(DATA SHOWN begins)
context
  fixes p :: nat
  assumes p_pos: "p > 0" and char_p: "of_nat p = (0::'e::field)"
begin

lemma Fp_uminus: "(a::'e) \<in> Fp \<Longrightarrow> - a \<in> Fp"
proof -
  assume "a \<in> Fp"
  then obtain k where a: "a = of_nat k" unfolding Fp_def by auto
  have "a + of_nat ((p - 1) * k) = of_nat (p * k)"
    using p_pos unfolding a of_nat_add[symmetric] by (cases p) auto
  also have "\<dots> = 0" using char_p by simp
  finally have "- a = of_nat ((p - 1) * k)" by (simp only: neg_eq_iff_add_eq_0)
  then show ?thesis unfolding Fp_def by (metis rangeI)
qed

lemma finite_Fp: "finite (Fp :: 'e set)"
proof (rule finite_subset)
  show "Fp \<subseteq> (of_nat ` {..<p} :: 'e set)"
  proof
    fix x :: 'e assume "x \<in> Fp"
    then obtain k where x: "x = of_nat k" unfolding Fp_def by auto
    have "x = of_nat (p * (k div p) + k mod p)" unfolding x by simp
    also have "\<dots> = of_nat (k mod p)" by (simp only: of_nat_add of_nat_mult char_p) simp
    finally show "x \<in> of_nat ` {..<p}" using p_pos by auto
  qed
qed simp

lemma Fp_inverse: assumes "(b::'e) \<in> Fp" "b \<noteq> 0" shows "\<exists>c\<in>Fp. b * c = 1"
proof -
  have "(\<lambda>x. b * x) ` Fp = Fp"
    by (rule endo_inj_surj[OF finite_Fp]) (use assms Fp_mult in \<open>auto simp: inj_on_def\<close>)
  then show ?thesis using Fp_1 by (metis imageE)
qed

lemma irreducible_quadratic_no_root_in_Fp:
  fixes x :: 'e
  assumes "c1 \<in> Fp" and irr: "irreducible_over Fp [:c0, c1, 1:]"
    and root: "poly [:c0, c1, 1:] x = 0" and "x \<in> Fp"
  shows False
proof -
  have "c0 = - (x * (c1 + x))" using root by (simp add: eq_neg_iff_add_eq_0)
  then have factor: "[:c0, c1, 1:] = [:- x, 1:] * [:c1 + x, 1:]"
    by (simp add: algebra_simps)
  have linear: "poly_over Fp [:y, 1:]" if "y \<in> Fp" for y :: 'e
    using that unfolding poly_over_def by (auto simp: coeff_pCons Fp_0 Fp_1 split: nat.split)
  have "poly_over Fp [:- x, 1:]" "poly_over Fp [:c1 + x, 1:]"
    using assms by (auto intro!: linear Fp_uminus Fp_add)
  with irr factor show False unfolding irreducible_over_def by fastforce
qed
(DATA SHOWN ends)
Exactly as they appear above, output the lines of the data from the first through the one that contains "fix x :: 'e", and only those lines.

**ANSWER SECTION**
context
  fixes p :: nat
  assumes p_pos: "p > 0" and char_p: "of_nat p = (0::'e::field)"
begin

lemma Fp_uminus: "(a::'e) \<in> Fp \<Longrightarrow> - a \<in> Fp"
proof -
  assume "a \<in> Fp"
  then obtain k where a: "a = of_nat k" unfolding Fp_def by auto
  have "a + of_nat ((p - 1) * k) = of_nat (p * k)"
    using p_pos unfolding a of_nat_add[symmetric] by (cases p) auto
  also have "\<dots> = 0" using char_p by simp
  finally have "- a = of_nat ((p - 1) * k)" by (simp only: neg_eq_iff_add_eq_0)
  then show ?thesis unfolding Fp_def by (metis rangeI)
qed

lemma finite_Fp: "finite (Fp :: 'e set)"
proof (rule finite_subset)
  show "Fp \<subseteq> (of_nat ` {..<p} :: 'e set)"
  proof
    fix x :: 'e assume "x \<in> Fp"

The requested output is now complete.